▼
(* Let $\Gamma$ be a group that is nilpotent of class $\le n$, let $S\subseteq\Gamma\setminus\{\mathbb{I}\}$ be a generating set, $G:=\mathrm{Cay}(\Gamma,S)$, and let $r\ge\max\{2^{n+2},10\}$ be an integer. Let $h\in S$ be an involution such that $\{\mathbb{I},h\}$ is an $r$-local $2$-separator of $G$, and suppose that $G$ has no $r$-local cutvertex. Then every element of $S$ that traverses $\{\mathbb{I},h\}$ antisymmetrically also traverses $\{\mathbb{I},h\}$ symmetrically.
   Context: Generating sets are closed under inverses; $\mathrm{Cay}(\Gamma,S)$ is the simple graph on $\Gamma$ with edges $\{g,gs\}$. $a\equiv b$ means $a=b$ or $a=b^{-1}$; $\Gamma$ is nilpotent of class $\le n$ if $[g,h]_n=\mathbb{I}$ for all $g\not\equiv h$, where $[g,h]_1=gh^{-1}g^{-1}h$ and $[g,h]_n$ is the reduced form of $g[g,h]_{n-1}^{-1}g^{-1}[g,h]_{n-1}$. Ball $B_r(v)$: subgraph of all vertices and edges on closed walks of length $\le r$ through $v$; $v$ is an $r$-local cutvertex if $B_r(v)-v$ is disconnected. For $X=\{v_0,v_1\}$, $N(X)$ is the set of vertices outside $X$ adjacent to $X$; the connectivity graph $C_r(v_0,v_1)$ has vertex set $N(X)$, $a,b$ adjacent if for some $i$ they lie in the same component of $B_r(v_i)-v_0-v_1$; $X$ is an $r$-local $2$-separator if $C_r(v_0,v_1)$ is disconnected and $d_G(v_0,v_1)\le r/2$; the $r$-local components at $X$ are the components of $C_r(v_0,v_1)$. An element $g\in S$ traverses $X$ if for some $x\in X$ the vertices $xg^{-1}$ and $xg$ lie in distinct $r$-local components at $X$. When $h$ is an involution and $g$ traverses $\{\mathbb{I},h\}$, $g$ traverses it symmetrically if $g^{-1}$ and $hg$ lie in distinct $r$-local components at $\{\mathbb{I},h\}$, and antisymmetrically if $g^{-1}$ and $hg^{-1}$ lie in distinct $r$-local components at $\{\mathbb{I},h\}$. *)

theory Defs
  imports "HOL-Algebra.Algebra"
begin

primrec iter_comm :: "('a, 'b) monoid_scheme \<Rightarrow> 'a \<Rightarrow> 'a \<Rightarrow> nat \<Rightarrow> 'a" where
  "iter_comm G g h 0 = h"
| "iter_comm G g h (Suc k) =
     g \<otimes>\<^bsub>G\<^esub> inv\<^bsub>G\<^esub> (iter_comm G g h k) \<otimes>\<^bsub>G\<^esub> inv\<^bsub>G\<^esub> g \<otimes>\<^bsub>G\<^esub> iter_comm G g h k"

definition nilpotent_class_le :: "('a, 'b) monoid_scheme \<Rightarrow> nat \<Rightarrow> bool" where
  "nilpotent_class_le G n \<longleftrightarrow>
     (\<forall>g\<in>carrier G. \<forall>h\<in>carrier G. (g \<noteq> h \<and> g \<noteq> inv\<^bsub>G\<^esub> h) \<longrightarrow> iter_comm G g h n = \<one>\<^bsub>G\<^esub>)"

definition cay :: "('a, 'b) monoid_scheme \<Rightarrow> 'a set \<Rightarrow> 'a \<Rightarrow> 'a \<Rightarrow> bool" where
  "cay G S x y \<longleftrightarrow> x \<in> carrier G \<and> (\<exists>s\<in>S. y = x \<otimes>\<^bsub>G\<^esub> s)"

text \<open>A walk is a nonempty vertex list with consecutive vertices adjacent;
  its length is (number of vertices - 1).\<close>
definition is_walk :: "('a \<Rightarrow> 'a \<Rightarrow> bool) \<Rightarrow> 'a list \<Rightarrow> bool" where
  "is_walk E ws \<longleftrightarrow> ws \<noteq> [] \<and> (\<forall>i. Suc i < length ws \<longrightarrow> E (ws ! i) (ws ! Suc i))"

definition closed_walk_at :: "('a \<Rightarrow> 'a \<Rightarrow> bool) \<Rightarrow> nat \<Rightarrow> 'a \<Rightarrow> 'a list \<Rightarrow> bool" where
  "closed_walk_at E r v ws \<longleftrightarrow> is_walk E ws \<and> hd ws = v \<and> last ws = v \<and> length ws \<le> Suc r"

definition ball_V :: "('a \<Rightarrow> 'a \<Rightarrow> bool) \<Rightarrow> nat \<Rightarrow> 'a \<Rightarrow> 'a set" where
  "ball_V E r v = {u. \<exists>ws. closed_walk_at E r v ws \<and> u \<in> set ws}"

definition ball_E :: "('a \<Rightarrow> 'a \<Rightarrow> bool) \<Rightarrow> nat \<Rightarrow> 'a \<Rightarrow> 'a \<Rightarrow> 'a \<Rightarrow> bool" where
  "ball_E E r v a b \<longleftrightarrow> (\<exists>ws i. closed_walk_at E r v ws \<and> Suc i < length ws \<and>
      ((ws ! i = a \<and> ws ! Suc i = b) \<or> (ws ! i = b \<and> ws ! Suc i = a)))"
▲
§ Assigned task
Please return the lines above exactly, from the first one down to the line with "Context: Generating sets", and stop after that line.

§ Result
(* Let $\Gamma$ be a group that is nilpotent of class $\le n$, let $S\subseteq\Gamma\setminus\{\mathbb{I}\}$ be a generating set, $G:=\mathrm{Cay}(\Gamma,S)$, and let $r\ge\max\{2^{n+2},10\}$ be an integer. Let $h\in S$ be an involution such that $\{\mathbb{I},h\}$ is an $r$-local $2$-separator of $G$, and suppose that $G$ has no $r$-local cutvertex. Then every element of $S$ that traverses $\{\mathbb{I},h\}$ antisymmetrically also traverses $\{\mathbb{I},h\}$ symmetrically.
   Context: Generating sets are closed under inverses; $\mathrm{Cay}(\Gamma,S)$ is the simple graph on $\Gamma$ with edges $\{g,gs\}$. $a\equiv b$ means $a=b$ or $a=b^{-1}$; $\Gamma$ is nilpotent of class $\le n$ if $[g,h]_n=\mathbb{I}$ for all $g\not\equiv h$, where $[g,h]_1=gh^{-1}g^{-1}h$ and $[g,h]_n$ is the reduced form of $g[g,h]_{n-1}^{-1}g^{-1}[g,h]_{n-1}$. Ball $B_r(v)$: subgraph of all vertices and edges on closed walks of length $\le r$ through $v$; $v$ is an $r$-local cutvertex if $B_r(v)-v$ is disconnected. For $X=\{v_0,v_1\}$, $N(X)$ is the set of vertices outside $X$ adjacent to $X$; the connectivity graph $C_r(v_0,v_1)$ has vertex set $N(X)$, $a,b$ adjacent if for some $i$ they lie in the same component of $B_r(v_i)-v_0-v_1$; $X$ is an $r$-local $2$-separator if $C_r(v_0,v_1)$ is disconnected and $d_G(v_0,v_1)\le r/2$; the $r$-local components at $X$ are the components of $C_r(v_0,v_1)$. An element $g\in S$ traverses $X$ if for some $x\in X$ the vertices $xg^{-1}$ and $xg$ lie in distinct $r$-local components at $X$. When $h$ is an involution and $g$ traverses $\{\mathbb{I},h\}$, $g$ traverses it symmetrically if $g^{-1}$ and $hg$ lie in distinct $r$-local components at $\{\mathbb{I},h\}$, and antisymmetrically if $g^{-1}$ and $hg^{-1}$ lie in distinct $r$-local components at $\{\mathbb{I},h\}$. *)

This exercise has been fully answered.